Never mind the numerous Americans displaced by the horrible tragedy in the south, a rich, royal British guy found himself a wife. Not only was the coverage sickening and downright annoying, it was utterly confusing.  

Why in the world does anyone outside of Britain care? This sort of thing belongs on Entertainment Tonight, not any legitimate news channel. One shouldn’t wake up wondering what in the world is going on in Alabama, and hear a reporter breaking down the newlyweds’ first kiss. There are Americans hurting here, that’s a story we should care about. Moreover, have we completely lost sight of the devastation in Japan? People are still trying to pick up the pieces over there too. So where is that story?

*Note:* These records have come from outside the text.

lemma gram_schmidt_fun_orthogonal:
  assumes indep: "lin_indep_on n p m" and "j < m" and "i < j"
  shows "cinner n (gram_schmidt_fun n p i) (gram_schmidt_fun n p j) = 0"
  using assms(2,3)
proof (induction j arbitrary: i rule: less_induct)
  case (less j)
  let ?q = "gram_schmidt_fun n p"
  have orth: "cinner n (?q i) (?q l) = 0" if "l < j" "l \<noteq> i" for l
  proof (cases "i < l")
    case True
    then show ?thesis
      using less that by simp
  next
    case False
    then have "cinner n (?q l) (?q i) = 0"
      using less that by simp
    then show ?thesis
      by (subst cinner_commute) simp
  qed
  have "cinner n (?q i) (?q j)
      = cinner n (?q i) (p j) - (\<Sum>l<j. proj_coeff n (?q l) (p j) * cinner n (?q i) (?q l))"
    by (subst (2) gram_schmidt_fun.simps) (simp add: cinner_diff_right cinner_sum_right cinner_scale_right)
  also have "(\<Sum>l<j. proj_coeff n (?q l) (p j) * cinner n (?q i) (?q l))
      = proj_coeff n (?q i) (p j) * cinner n (?q i) (?q i)"
    using \<open>i < j\<close> by (subst sum.remove[of _ i]) (auto simp: orth intro!: sum.neutral)
  also have "\<dots> = cinner n (?q i) (p j)"
    using gram_schmidt_fun_nonzero[OF indep, of i] less by (simp add: proj_coeff_def)
  finally show ?case
    by simp
qed

lemma in_span_image_of_triangular:
  assumes triangular: "\<And>j. j < m \<Longrightarrow> in_span n p j (\<lambda>h. mat_apply n M (p j) h - e j * p j h)"
    and "l < j" and "j \<le> m"
  shows "in_span n p j (mat_apply n M (p l))"
proof -
  have "in_span n p (Suc l) (\<lambda>h. mat_apply n M (p l) h - e l * p l h)"
    by (rule in_span_mono[of l]) (use assms in auto)
  moreover have "in_span n p (Suc l) (\<lambda>h. e l * p l h)"
    by (intro in_span_scale in_span_base) simp
  ultimately have "in_span n p (Suc l) (\<lambda>h. (mat_apply n M (p l) h - e l * p l h) + e l * p l h)"
    by (rule in_span_add)
  then have "in_span n p (Suc l) (mat_apply n M (p l))"
    by simp
  then show ?thesis
    by (rule in_span_mono[rotated]) (use \<open>l < j\<close> in simp)
qed

lemma gram_schmidt_fun_residual_in_span:
  assumes triangular: "\<And>j. j < m \<Longrightarrow> in_span n p j (\<lambda>h. mat_apply n M (p j) h - e j * p j h)"
    and "j < m"
  shows "in_span n (gram_schmidt_fun n p) j
    (\<lambda>h. mat_apply n M (gram_schmidt_fun n p j) h - e j * gram_schmidt_fun n p j h)"
proof -
  let ?q = "gram_schmidt_fun n p"
  have complement: "in_span n p j (\<lambda>h. p j h - ?q j h)"
    by (rule gram_schmidt_fun_complement_in_span)
  have "in_span n p j (\<lambda>h. mat_apply n M (p j) h - e j * p j h)"
    using \<open>j < m\<close> by (rule triangular)
  moreover have "in_span n p j (mat_apply n M (\<lambda>h. p j h - ?q j h))"
    using in_span_image_of_triangular[OF triangular _ less_imp_le[OF \<open>j < m\<close>]] complement
    by (rule in_span_mat_apply)
  ultimately have "in_span n p j (\<lambda>h. (mat_apply n M (p j) h - e j * p j h)
      - mat_apply n M (\<lambda>h. p j h - ?q j h) h + e j * (p j h - ?q j h))"
    using complement by (intro in_span_add in_span_scale) (rule in_span_diff)
  moreover have "(mat_apply n M (p j) h - e j * p j h) - mat_apply n M (\<lambda>h. p j h - ?q j h) h
      + e j * (p j h - ?q j h) = mat_apply n M (?q j) h - e j * ?q j h" for h
    unfolding mat_apply_diff by (simp add: right_diff_distrib)
  ultimately have "in_span n p j (\<lambda>h. mat_apply n M (?q j) h - e j * ?q j h)"
    by simp
  then show ?thesis
    by (intro in_span_trans[OF in_span_gram_schmidt_fun])
qed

It was made abundantly clear back in the late 1700s that the United States does not, and ought not, care about the British royal family. We told King George to shove it back then. Why do we care about their wedding now?

I could understand it being a big deal in Britain, at least from a cultural standpoint, but why do glitz, glam and extreme showings of extravagance, like a multi-million dollar wedding, get priority coverage over the real life suffering of fellow citizens?

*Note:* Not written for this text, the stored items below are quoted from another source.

text \<open>By the previous lemma the partial gradient may jump by a constant arbitrarily close to the
  control, so it need not be differentiable there; then \<open>jac\<close> is the unspecified matrix
  \<open>THE A. False\<close>, whose norm enters the bound.\<close>

lemma J_u_block_le:
  fixes M :: "real^'n^'n" and Q :: "real^'n \<Rightarrow> real" and b :: "real^'n \<Rightarrow> real^'m \<Rightarrow> real"
  assumes sym: "transpose M = M" and Q: "Q differentiable (at (\<theta> i))"
    and b: "(\<lambda>y. b y (u (\<iota> i))) differentiable (at (\<theta> i))"
    and mixed_diff: "(\<lambda>w. grad (\<lambda>y. b y w) (\<theta> i)) differentiable (at (u (\<iota> i)))"
    and mixed_bdd: "norm (jac (\<lambda>w. grad (\<lambda>y. b y w) (\<theta> i)) (u (\<iota> i))) \<le> K"
  shows "norm (J_u M \<delta> Q b \<iota> \<theta> u i k *v h) \<le> max K (norm (THE A. False :: real^'m^'n)) * norm h"
proof (cases "i = k")
  case False
  then show ?thesis
    by (simp add: J_u_def le_max_iff_disj)
next
  case True
  define g where "g w = pgrad (\<lambda>\<theta>'. Ebar M \<delta> Q b \<iota> i \<theta>' (u(\<iota> i := w))) i \<theta>" for w
  define mixed where "mixed w = grad (\<lambda>y. b y w) (\<theta> i)" for w
  define V where "V = (1 / (\<delta> i)\<^sup>2) *\<^sub>R (M *v second_difference \<delta> i \<theta>) + grad Q (\<theta> i)"
  have two_valued: "g w - mixed w \<in> {0, V}" for w
    using pgrad_Ebar_minus_grad_b[where \<theta>=\<theta> and i=i and u="u(\<iota> i := w)" and \<iota>=\<iota> and b=b and \<delta>=\<delta>,
        OF sym has_gderiv_grad[OF Q]]
    by (simp add: g_def mixed_def V_def)
  have at_control: "g (u (\<iota> i)) - mixed (u (\<iota> i)) = V"
    using pgrad_Ebar[where \<theta>=\<theta> and i=i and u=u and \<iota>=\<iota> and b=b and \<delta>=\<delta>, OF sym has_gderiv_grad[OF Q] has_gderiv_grad[OF b]]
    by (simp add: g_def mixed_def V_def)
  have "norm (jac g (u (\<iota> i))) \<le> max K (norm (THE A. False :: real^'m^'n))"
  proof (cases "g differentiable (at (u (\<iota> i)))")
    case True
    obtain D where D: "(mixed has_derivative D) (at (u (\<iota> i)))"
      using mixed_diff unfolding mixed_def differentiable_def by blast
    have "jac g (u (\<iota> i)) = jac mixed (u (\<iota> i))"
      using jac_eqI[OF D] jac_eqI[OF has_derivative_two_valued_difference[OF True D two_valued at_control]]
      by simp
    then show ?thesis
      using mixed_bdd unfolding mixed_def by simp
  qed (simp add: jac_nondifferentiable)
  then have "norm (jac g (u (\<iota> i)) *v h) \<le> max K (norm (THE A. False :: real^'m^'n)) * norm h"
    by (intro order_trans[OF norm_matrix_vector_mult_le] mult_right_mono) simp_all
  then show ?thesis
    using True unfolding J_u_def g_def by simp
qed

lemma sigma_max_J_theta_le:
  fixes M :: "real^'n^'n" and Q :: "real^'n \<Rightarrow> real" and b :: "real^'n \<Rightarrow> real^'m \<Rightarrow> real"
  assumes sym: "transpose M = M" and "finite I"
    and Q: "twice_diff_loclip Q" "curv_bounded L Q"
    and b: "\<And>i. i \<in> I \<Longrightarrow> twice_diff_loclip (\<lambda>y. b y (u (\<iota> i))) \<and> curv_bounded L (\<lambda>y. b y (u (\<iota> i)))"
  shows "sigma_max (J_theta M \<delta> Q b \<iota> \<theta> u) I \<le>
     max (sqrt (Max {})) (card I * ((\<Sum>i\<in>I. norm M / (\<delta> i)\<^sup>2 * second_difference_weight \<delta> i) + 2 * L))"
proof (rule sigma_max_le[OF \<open>finite I\<close>])
  have weight_nonneg: "norm M / (\<delta> i)\<^sup>2 * second_difference_weight \<delta> i \<ge> 0" for i
    by (simp add: second_difference_weight_def)
  moreover have "L \<ge> 0"
    using Q(2) lipschitz_on_nonneg unfolding curv_bounded_def by blast
  ultimately show "(\<Sum>i\<in>I. norm M / (\<delta> i)\<^sup>2 * second_difference_weight \<delta> i) + 2 * L \<ge> 0"
    by (simp add: sum_nonneg)
  fix i k h assume "i \<in> I"
  have "norm (J_theta M \<delta> Q b \<iota> \<theta> u i k *v h) \<le>
      (norm M / (\<delta> i)\<^sup>2 * second_difference_weight \<delta> i + 2 * L) * norm h"
    using b[OF \<open>i \<in> I\<close>] by (intro J_theta_block_le sym Q) auto
  also have "\<dots> \<le> ((\<Sum>i\<in>I. norm M / (\<delta> i)\<^sup>2 * second_difference_weight \<delta> i) + 2 * L) * norm h"
    using \<open>finite I\<close> \<open>i \<in> I\<close> weight_nonneg by (intro mult_right_mono add_right_mono member_le_sum) auto
  finally show "norm (J_theta M \<delta> Q b \<iota> \<theta> u i k *v h) \<le> \<dots>" .
qed
lemma EIG_compl_connected_if_squarefree:
  assumes n: "n \<ge> 2" and sq: "squarefree n" and k: "card (prime_factors n) \<ge> 3"
  shows "graph_connected (EIG_vertices (Zn n)) (EIG_compl_adj (Zn n))"
  unfolding graph_connected_def EIG_vertices_Zn[OF n]
proof (intro ballI, elim imageE)
  let ?R = "(EIG_compl_adj (Zn n))\<^sup>*\<^sup>*"
  have "n \<noteq> 0" using n by simp
  have prime_div: "p \<in> nontrivial_divisors n" if "prime p" "p dvd n" for p
    using that k by (intro nontrivial_divisorI) (auto simp: prime_prime_factors)
  have path_primes: "?R (divisor_ideal n p) (divisor_ideal n q)"
    if p: "prime p" "p dvd n" and q: "prime q" "q dvd n" for p q
  proof (cases "p = q")
    case False
    have pq: "p * q dvd n" using p q False by (simp add: primes_coprime divides_mult)
    have "prime_factors (p * q) = {p, q}"
      using p q by (auto simp: prime_factors_product prime_prime_factors)
    moreover have "p * q \<noteq> 1" using p(1) by (auto simp: not_prime_1)
    moreover have "card {p, q} < card (prime_factors n)" using False k by simp
    ultimately have pq_div: "p * q \<in> nontrivial_divisors n"
      using pq by (intro nontrivial_divisorI) simp_all
    have "?R (divisor_ideal n p) (divisor_ideal n (p * q))"
      by (rule EIG_compl_rtranclp_if_common_prime[OF n sq prime_div[OF p] pq_div p(1)]) simp_all
    also have "?R \<dots> (divisor_ideal n q)"
      by (rule EIG_compl_rtranclp_if_common_prime[OF n sq pq_div prime_div[OF q] q(1)]) simp_all
    finally show ?thesis .
  qed simp
  fix I K d e
  assume d: "d \<in> nontrivial_divisors n" and I: "I = divisor_ideal n d"
    and e: "e \<in> nontrivial_divisors n" and K: "K = divisor_ideal n e"
  obtain p where p: "prime p" "p dvd d" using d prime_factor_nat[of d] by (auto simp: nontrivial_divisors_def)
  obtain q where q: "prime q" "q dvd e" using e prime_factor_nat[of e] by (auto simp: nontrivial_divisors_def)
  have "p dvd n" "q dvd n" using p q d e by (auto simp: nontrivial_divisors_def intro: dvd_trans)
  have "?R (divisor_ideal n d) (divisor_ideal n p)"
    using EIG_compl_rtranclp_if_common_prime[OF n sq d prime_div] p \<open>p dvd n\<close> by simp
  also have "?R \<dots> (divisor_ideal n q)" using path_primes p q \<open>p dvd n\<close> \<open>q dvd n\<close> by blast
  also have "?R \<dots> (divisor_ideal n e)"
    using EIG_compl_rtranclp_if_common_prime[OF n sq prime_div e] q \<open>q dvd n\<close> by simp
  finally show "?R I K" using I K by simp
qed

lemma squarefree_if_EIG_compl_connected:
  assumes n: "n \<ge> 2" and two: "\<exists>I\<in>EIG_vertices (Zn n). \<exists>K\<in>EIG_vertices (Zn n). I \<noteq> K"
    and conn: "graph_connected (EIG_vertices (Zn n)) (EIG_compl_adj (Zn n))"
  shows "squarefree n"
proof (rule ccontr)
  assume "\<not> squarefree n"
  then obtain p where p: "prime p" "p ^ 2 dvd n"
    using squarefree_factorial_semiring[of n] n by auto
  have "p dvd n" using p(2) by (simp add: power2_eq_square dvd_mult_left)
  have "p \<noteq> n"
  proof
    assume "p = n"
    hence "p * p dvd p * 1" using p(2) by (simp add: power2_eq_square)
    hence "p dvd 1" using p(1) by (simp add: prime_gt_0_nat)
    thus False using p(1) by simp
  qed
  hence "p \<in> nontrivial_divisors n"
    using \<open>p dvd n\<close> p(1) by (auto simp: nontrivial_divisors_def)
  moreover have "essential_divisor n (gcd p e)" for e
  proof -
    have "gcd p e = 1 \<or> gcd p e = p" using p(1) by (simp add: prime_nat_iff)
    thus ?thesis using essential_divisor_1 essential_divisor_prime_if_square_dvd[OF p] by auto
  qed
  ultimately show False using EIG_compl_not_connected_if_isolated_divisor[OF n _ _ two] conn by blast
qed

text \<open>With two prime factors \<open>p, q\<close> the only vertices are \<open>\<langle>p\<rangle>\<close> and \<open>\<langle>q\<rangle>\<close>, and
  \<open>\<langle>p\<rangle> + \<langle>q\<rangle>\<close> is the whole ring.\<close>

lemma card_prime_factors_ge_3_if_EIG_compl_connected:
  assumes n: "n \<ge> 2" and sq: "squarefree n"
    and two: "\<exists>I\<in>EIG_vertices (Zn n). \<exists>K\<in>EIG_vertices (Zn n). I \<noteq> K"
    and conn: "graph_connected (EIG_vertices (Zn n)) (EIG_compl_adj (Zn n))"
  shows "card (prime_factors n) \<ge> 3"
proof (rule ccontr)
  assume "\<not> card (prime_factors n) \<ge> 3"
  obtain d where d: "d \<in> nontrivial_divisors n" using two EIG_vertices_Zn[OF n] by auto
  have "0 < card (prime_factors d)"
    using prime_factors_nontrivial_divisor(1)[OF sq d] by (simp add: card_gt_0_iff)
  moreover have "card (prime_factors d) < card (prime_factors n)"
    using prime_factors_nontrivial_divisor(2)[OF sq d] by (simp add: psubset_card_mono)
  ultimately
  have "card (prime_factors n) = 2" using \<open>\<not> card (prime_factors n) \<ge> 3\<close> by linarith
  then obtain p q where P: "prime_factors n = {p, q}" "p \<noteq> q" by (meson card_2_iff)
  have p: "prime p" "p dvd n" using P(1) by (auto simp: in_prime_factors_iff)
  have pp: "prime_factors p = {p}" using p(1) by (rule prime_prime_factors)
  have p_div: "p \<in> nontrivial_divisors n"
    using p P pp by (intro nontrivial_divisorI) (auto simp: not_prime_1)
  moreover have "essential_divisor n (gcd p e)"
    if e: "e \<in> nontrivial_divisors n" "e \<noteq> p" for e
  proof -
    have "prime_factors e \<noteq> {p}"
      using e sq pp squarefree_eq_if_prime_factors_eq squarefree_prime[OF p(1)]
        squarefree_mono[of e n] by (auto simp: nontrivial_divisors_def)
    hence "p \<notin> prime_factors e" using prime_factors_nontrivial_divisor[OF sq e(1)] P by auto
    moreover have "e \<noteq> 0" using e(1) sq by (auto simp: nontrivial_divisors_def)
    ultimately have "coprime p e" using p(1) by (auto simp: prime_imp_coprime in_prime_factors_iff)
    thus ?thesis by (metis coprime_iff_gcd_eq_1 essential_divisor_1)
  qed
  ultimately show False using EIG_compl_not_connected_if_isolated_divisor[OF n _ _ two] conn by blast
qed

theorem mainTheorem14:
  fixes n :: nat
  assumes "n \<ge> 2"
    and "\<exists>I\<in>EIG_vertices (Zn n). \<exists>K\<in>EIG_vertices (Zn n). I \<noteq> K"
  shows "graph_connected (EIG_vertices (Zn n)) (EIG_compl_adj (Zn n)) \<longleftrightarrow>
         squarefree n \<and> card (prime_factors n) \<ge> 3"
proof
  assume conn: "graph_connected (EIG_vertices (Zn n)) (EIG_compl_adj (Zn n))"
  hence "squarefree n" by (rule squarefree_if_EIG_compl_connected[OF assms])
  with conn show "squarefree n \<and> card (prime_factors n) \<ge> 3"
    using card_prime_factors_ge_3_if_EIG_compl_connected assms by blast
qed (use EIG_compl_connected_if_squarefree assms(1) in blast)

end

Pop culture has always enjoyed the spotlight, because for some it is an escape from the overwhelming reality. Nonetheless, this has gone on for too long and has traveled too far. When Britain’s pop culture is spilling over into the United States, we’re really grasping at straws for entertainment.  

It is actually quite shocking that this is entertainment to begin with, but, nonetheless, it’s entertainment. While it’s incredibly painful to call this news, as it is in the form of human interest, it is certainly not headline, take- precedence-over-American-causality news.  

Entertainment and pop culture spillovers have distracted us, rather than soothed, from the truths and pressing matters of reality. At least there are some who can hold their heads high in regards to the natural disaster. The state, local and federal governments have made sure to address this matter promptly, unlike our past fumblings with Hurricane Katrina. At least the citizens of Alabama feel as if they are being paid attention they deserve from the government.  

If only the rest of their fellow citizens would get on board. However, if the news media continue to bow down to drivel like this and parade it on the front pages, you can bet we’ll continue to forget those in agony.